Here are some other "real-world" examples of Grid applications:
A company needing to reach a decision on the placement of a new factory invokes a sophisticated financial forecasting model from
an Application Service Provider (ASP), providing the ASP with access to appropriate proprietary historical data from a corporate
database on storage systems operated by a Storage Service Provider (SSP). During the decision-making meeting, what-if scenarios are
run collaboratively and interactively, even though the division heads participating in the decision are located in different cities.

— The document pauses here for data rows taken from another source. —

(* Let $k\ge 1$ be an integer and let $G=K_{n_1,n_2,\dots,n_p}$ ($p\ge 2$) be a complete $p$-partite graph such that $|\{i : n_i\ge k\}|\ge 2$. Then $\Gamma_{\times k,t}(G)=2k$.
   Context: A set $S\subseteq V(G)$ is a $k$-tuple total dominating set ($k$TDS) of a graph $G$ with $\delta(G)\ge k$ if $|N_G(x)\cap S|\ge k$ for every $x\in V(G)$. The upper $k$-tuple total domination number $\Gamma_{\times k,t}(G)$ is the maximum cardinality of a minimal (with respect to inclusion) $k$TDS of $G$. $K_{n_1,\dots,n_p}$ denotes the complete $p$-partite graph with parts of sizes $n_1,\dots,n_p$. *)

theory Defs
  imports Main
begin

text \<open>A (simple) graph is given by a vertex set V and a symmetric irreflexive
adjacency relation E. Open neighbourhood of x:\<close>
definition nbhd :: "'a set \<Rightarrow> ('a \<Rightarrow> 'a \<Rightarrow> bool) \<Rightarrow> 'a \<Rightarrow> 'a set" where
  "nbhd V E x = {y \<in> V. E x y}"

definition min_degree :: "'a set \<Rightarrow> ('a \<Rightarrow> 'a \<Rightarrow> bool) \<Rightarrow> nat" where
  "min_degree V E = Min ((\<lambda>x. card (nbhd V E x)) ` V)"

definition is_kTDS :: "'a set \<Rightarrow> ('a \<Rightarrow> 'a \<Rightarrow> bool) \<Rightarrow> nat \<Rightarrow> 'a set \<Rightarrow> bool" where
  "is_kTDS V E k S \<longleftrightarrow> S \<subseteq> V \<and> (\<forall>x\<in>V. card (nbhd V E x \<inter> S) \<ge> k)"

definition is_minimal_kTDS :: "'a set \<Rightarrow> ('a \<Rightarrow> 'a \<Rightarrow> bool) \<Rightarrow> nat \<Rightarrow> 'a set \<Rightarrow> bool" where
  "is_minimal_kTDS V E k S \<longleftrightarrow> is_kTDS V E k S \<and> (\<forall>T. T \<subset> S \<longrightarrow> \<not> is_kTDS V E k T)"

text \<open>Upper k-tuple total domination number (for finite graphs with min degree \<ge> k).\<close>
definition upper_ktuple_tdom :: "'a set \<Rightarrow> ('a \<Rightarrow> 'a \<Rightarrow> bool) \<Rightarrow> nat \<Rightarrow> nat" where
  "upper_ktuple_tdom V E k = Max (card ` {S. is_minimal_kTDS V E k S})"

text \<open>Complete p-partite graph K_{n 0, ..., n (p-1)}: vertex (i,j) is the j-th vertex
of part i; two vertices are adjacent iff they lie in different parts.\<close>
definition cmp_vertices :: "nat \<Rightarrow> (nat \<Rightarrow> nat) \<Rightarrow> (nat \<times> nat) set" where
  "cmp_vertices p n = {(i, j). i < p \<and> j < n i}"

definition cmp_adj :: "nat \<times> nat \<Rightarrow> nat \<times> nat \<Rightarrow> bool" where
  "cmp_adj u v \<longleftrightarrow> fst u \<noteq> fst v"

end

theory Submission
  imports Defs
begin

text \<open>A vertex x of a complete multipartite graph sees exactly the vertices outside its part,
so S is a k-tuple total dominating set iff no part containing a vertex holds more than |S| - k
elements of S. If S is minimal, removing any v \<in> S breaks this at some x outside the part of v,
so the part P of x holds exactly |S| - k elements of S. If |S| > k, doing the same for some
w \<in> S \<inter> P gives a part P' \<noteq> P with |S \<inter> P'| = |S| - k \<le> |S - P| = k; hence |S| \<le> 2k.
Conversely, k vertices from each of two parts of size at least k form a minimal set of size 2k.\<close>

lemma nbhd_cmp_adj_Int:
  assumes "S \<subseteq> V"
  shows "nbhd V cmp_adj x \<inter> S = {y \<in> S. fst y \<noteq> fst x}"
  using assms by (auto simp: nbhd_def cmp_adj_def)

lemma is_kTDS_cmp_adj_iff:
  "is_kTDS V cmp_adj k S \<longleftrightarrow> S \<subseteq> V \<and> (\<forall>x\<in>V. k \<le> card {y \<in> S. fst y \<noteq> fst x})"
  by (auto simp: is_kTDS_def nbhd_cmp_adj_Int)

lemma card_eq_same_part_plus_other_parts:
  assumes "finite S"
  shows "card S = card {y \<in> S. fst y = i} + card {y \<in> S. fst y \<noteq> i}"
proof -
  have "S \<inter> {y. fst y = i} = {y \<in> S. fst y = i}" "S - {y. fst y = i} = {y \<in> S. fst y \<noteq> i}"
    by auto
  then show ?thesis
    using card_Int_Diff[OF assms, of "{y. fst y = i}"] by simp
qed

lemma minimal_kTDS_tight_vertex:
  assumes "finite V" and min: "is_minimal_kTDS V cmp_adj k S" and "v \<in> S"
  obtains x where "x \<in> V" "fst x \<noteq> fst v" "card {y \<in> S. fst y \<noteq> fst x} = k"
proof -
  have SV: "S \<subseteq> V" and dom: "\<forall>x\<in>V. k \<le> card {y \<in> S. fst y \<noteq> fst x}"
    using min by (auto simp: is_minimal_kTDS_def is_kTDS_cmp_adj_iff)
  have "finite S"
    using SV \<open>finite V\<close> finite_subset by blast
  have "\<not> is_kTDS V cmp_adj k (S - {v})"
    using min \<open>v \<in> S\<close> unfolding is_minimal_kTDS_def by blast
  then obtain x where "x \<in> V" and broken: "card {y \<in> S - {v}. fst y \<noteq> fst x} < k"
    using SV by (auto simp: is_kTDS_cmp_adj_iff not_le)
  have removed: "{y \<in> S - {v}. fst y \<noteq> fst x} = {y \<in> S. fst y \<noteq> fst x} - {v}"
    by auto
  have "fst x \<noteq> fst v"
  proof
    assume "fst x = fst v"
    then have "{y \<in> S. fst y \<noteq> fst x} - {v} = {y \<in> S. fst y \<noteq> fst x}"
      by auto
    then show False
      using broken dom \<open>x \<in> V\<close> removed by fastforce
  qed
  then have "card {y \<in> S - {v}. fst y \<noteq> fst x} = card {y \<in> S. fst y \<noteq> fst x} - 1"
    unfolding removed using \<open>finite S\<close> \<open>v \<in> S\<close> by (simp add: card_Diff_singleton)
  then have "card {y \<in> S. fst y \<noteq> fst x} = k"
    using broken dom \<open>x \<in> V\<close> by fastforce
  with \<open>x \<in> V\<close> \<open>fst x \<noteq> fst v\<close> show thesis
    by (rule that)
qed

lemma card_minimal_kTDS_le:
  assumes "finite V" and min: "is_minimal_kTDS V cmp_adj k S"
  shows "card S \<le> 2 * k"
proof (cases "S = {}")
  case False
  then obtain v where "v \<in> S"
    by blast
  have "S \<subseteq> V"
    using min by (simp add: is_minimal_kTDS_def is_kTDS_def)
  then have "finite S"
    using \<open>finite V\<close> finite_subset by blast
  obtain x where "x \<in> V" "fst x \<noteq> fst v" and tight_x: "card {y \<in> S. fst y \<noteq> fst x} = k"
    using minimal_kTDS_tight_vertex[OF \<open>finite V\<close> min \<open>v \<in> S\<close>] .
  have card_S: "card S = card {y \<in> S. fst y = fst x} + k"
    using card_eq_same_part_plus_other_parts[OF \<open>finite S\<close>, of "fst x"] tight_x by simp
  show ?thesis
  proof (cases "{y \<in> S. fst y = fst x} = {}")
    case False
    then obtain w where "w \<in> S" "fst w = fst x"
      by blast
    obtain x' where "x' \<in> V" "fst x' \<noteq> fst w" and tight_x': "card {y \<in> S. fst y \<noteq> fst x'} = k"
      using minimal_kTDS_tight_vertex[OF \<open>finite V\<close> min \<open>w \<in> S\<close>] .
    have "card S = card {y \<in> S. fst y = fst x'} + k"
      using card_eq_same_part_plus_other_parts[OF \<open>finite S\<close>, of "fst x'"] tight_x' by simp
    moreover have "{y \<in> S. fst y = fst x'} \<subseteq> {y \<in> S. fst y \<noteq> fst x}"
      using \<open>fst w = fst x\<close> \<open>fst x' \<noteq> fst w\<close> by auto
    then have "card {y \<in> S. fst y = fst x'} \<le> k"
      using card_mono[of "{y \<in> S. fst y \<noteq> fst x}"] \<open>finite S\<close> tight_x by fastforce
    ultimately show ?thesis
      using card_S by linarith
  next
    case True
    show ?thesis
      using card_S unfolding True by simp
  qed
qed simp

text \<open>Any vertex of B witnesses the failure: its neighbours in T lie in A - {v}.\<close>

lemma two_blocks_subset_not_kTDS:
  assumes "B \<subseteq> V" "card A = k" "card B = k" "1 \<le> k"
    and "\<forall>y\<in>A. fst y = a" "\<forall>y\<in>B. fst y = b" "a \<noteq> b"
    and "T \<subseteq> A \<union> B" "v \<in> A" "v \<notin> T"
  shows "\<not> is_kTDS V cmp_adj k T"
proof
  assume T: "is_kTDS V cmp_adj k T"
  have "0 < card A" "0 < card B"
    using \<open>card A = k\<close> \<open>card B = k\<close> \<open>1 \<le> k\<close> by simp_all
  then have "finite A" "B \<noteq> {}"
    by (auto intro: card_ge_0_finite)
  then obtain x where "x \<in> B"
    by blast
  have "{y \<in> T. fst y \<noteq> fst x} \<subseteq> A - {v}"
    using assms \<open>x \<in> B\<close> by auto
  then have "card {y \<in> T. fst y \<noteq> fst x} \<le> card (A - {v})"
    using \<open>finite A\<close> by (intro card_mono) auto
  also have "\<dots> < k"
    using card_Diff1_less[OF \<open>finite A\<close> \<open>v \<in> A\<close>] \<open>card A = k\<close> by simp
  finally have "card {y \<in> T. fst y \<noteq> fst x} < k" .
  moreover have "x \<in> V"
    using \<open>x \<in> B\<close> \<open>B \<subseteq> V\<close> by blast
  ultimately show False
    using T by (auto simp: is_kTDS_cmp_adj_iff not_le)
qed

lemma two_blocks_minimal_kTDS:
  assumes "A \<subseteq> V" "B \<subseteq> V" "card A = k" "card B = k" "1 \<le> k"
    and "\<forall>y\<in>A. fst y = a" "\<forall>y\<in>B. fst y = b" "a \<noteq> b"
  shows "is_minimal_kTDS V cmp_adj k (A \<union> B)"
  unfolding is_minimal_kTDS_def
proof (intro conjI allI impI)
  have "finite (A \<union> B)"
    using assms(3-5) by (simp add: card_ge_0_finite)
  have "k \<le> card {y \<in> A \<union> B. fst y \<noteq> fst x}" for x
  proof -
    have "(if fst x = a then B else A) \<subseteq> {y \<in> A \<union> B. fst y \<noteq> fst x}"
      using assms by auto
    then have "card (if fst x = a then B else A) \<le> card {y \<in> A \<union> B. fst y \<noteq> fst x}"
      using \<open>finite (A \<union> B)\<close> by (intro card_mono) auto
    then show ?thesis
      using assms by (simp split: if_splits)
  qed
  then show "is_kTDS V cmp_adj k (A \<union> B)"
    using assms(1,2) by (auto simp: is_kTDS_cmp_adj_iff)
next
  fix T
  assume "T \<subset> A \<union> B"
  then obtain v where "v \<in> A \<union> B" "v \<notin> T" and "T \<subseteq> B \<union> A"
    by blast
  then consider "v \<in> A" | "v \<in> B"
    by blast
  then show "\<not> is_kTDS V cmp_adj k T"
  proof cases
    case 1
    show ?thesis
      using two_blocks_subset_not_kTDS[of B V A k a b T v] assms \<open>T \<subset> A \<union> B\<close> 1 \<open>v \<notin> T\<close>
      by blast
  next
    case 2
    show ?thesis
      using two_blocks_subset_not_kTDS[of A V B k b a T v] assms \<open>T \<subseteq> B \<union> A\<close> 2 \<open>v \<notin> T\<close>
      by blast
  qed
qed

lemma finite_minimal_kTDS:
  assumes "finite V"
  shows "finite {S. is_minimal_kTDS V E k S}"
proof -
  have "{S. is_minimal_kTDS V E k S} \<subseteq> Pow V"
    by (auto simp: is_minimal_kTDS_def is_kTDS_def)
  then show ?thesis
    using assms by (simp add: finite_subset)
qed

theorem mainTheorem4:
  fixes k p :: nat and n :: "nat \<Rightarrow> nat"
  assumes "k \<ge> 1" and "p \<ge> 2"
    and "\<forall>i<p. n i \<ge> 1"
    and "card {i. i < p \<and> n i \<ge> k} \<ge> 2"
  shows "upper_ktuple_tdom (cmp_vertices p n) cmp_adj k = 2 * k"
proof -
  let ?V = "cmp_vertices p n" and ?I = "{i. i < p \<and> n i \<ge> k}"
  have "?V = Sigma {..<p} (\<lambda>i. {..<n i})"
    by (auto simp: cmp_vertices_def)
  then have "finite ?V"
    by simp
  have "\<not> card ?I \<le> Suc 0"
    using assms(4) by simp
  then obtain a b where "a \<in> ?I" "b \<in> ?I" "a \<noteq> b"
    using card_le_Suc0_iff_eq[of ?I] by auto
  define A where "A = (\<lambda>j. (a, j)) ` {..<k}"
  define B where "B = (\<lambda>j. (b, j)) ` {..<k}"
  have "A \<subseteq> ?V" "B \<subseteq> ?V"
    using \<open>a \<in> ?I\<close> \<open>b \<in> ?I\<close> by (auto simp: A_def B_def cmp_vertices_def)
  moreover have "card A = k" "card B = k"
    by (simp_all add: A_def B_def card_image inj_on_def)
  moreover have "\<forall>y\<in>A. fst y = a" "\<forall>y\<in>B. fst y = b"
    by (simp_all add: A_def B_def)
  ultimately have "is_minimal_kTDS ?V cmp_adj k (A \<union> B)"
    using two_blocks_minimal_kTDS \<open>a \<noteq> b\<close> \<open>k \<ge> 1\<close> by blast
  moreover have "card (A \<union> B) = 2 * k"
    using \<open>card A = k\<close> \<open>card B = k\<close> \<open>a \<noteq> b\<close>
    by (subst card_Un_disjoint) (auto simp: A_def B_def)
  ultimately have "2 * k \<in> card ` {S. is_minimal_kTDS ?V cmp_adj k S}"
    by (metis image_eqI mem_Collect_eq)
  then show ?thesis
    unfolding upper_ktuple_tdom_def
    using finite_minimal_kTDS[OF \<open>finite ?V\<close>] card_minimal_kTDS_le[OF \<open>finite ?V\<close>]
    by (intro Max_eqI) auto
qed

end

The ASP itself contracts with a cycle provider for additional "oomph" during particularly demanding scenarios, requiring of
course that cycles meet desired security and performance requirements.
An industrial consortium formed to develop a feasibility study for a next-generation supersonic aircraft undertakes a highly
accurate multidisciplinary simulation of the entire aircraft. This simulation integrates proprietary software components developed by
different participants, with each component operating on that participant’s computers and having access to appropriate design
databases and other data made available to the consortium by its members.
A crisis management team responds to a chemical spill by using local weather and soil models to estimate the spread of the spill,
determining the impact based on population location as well as geographic features such as rivers and water supplies, creating a
shortterm mitigation plan (perhaps based on chemical reaction models), and tasking emergency response personnel by planning and
coordinating evacuation, notifying hospitals, and so forth.
Thousands of physicists at hundreds of laboratories and universities worldwide come together to design, create, operate, and
analyze the products of a major detector at CERN, the European high energy physics laboratory. During the analysis phase, they pool
their computing, storage, and networking resources to create a "Data Grid" capable of analyzing petabytes of data.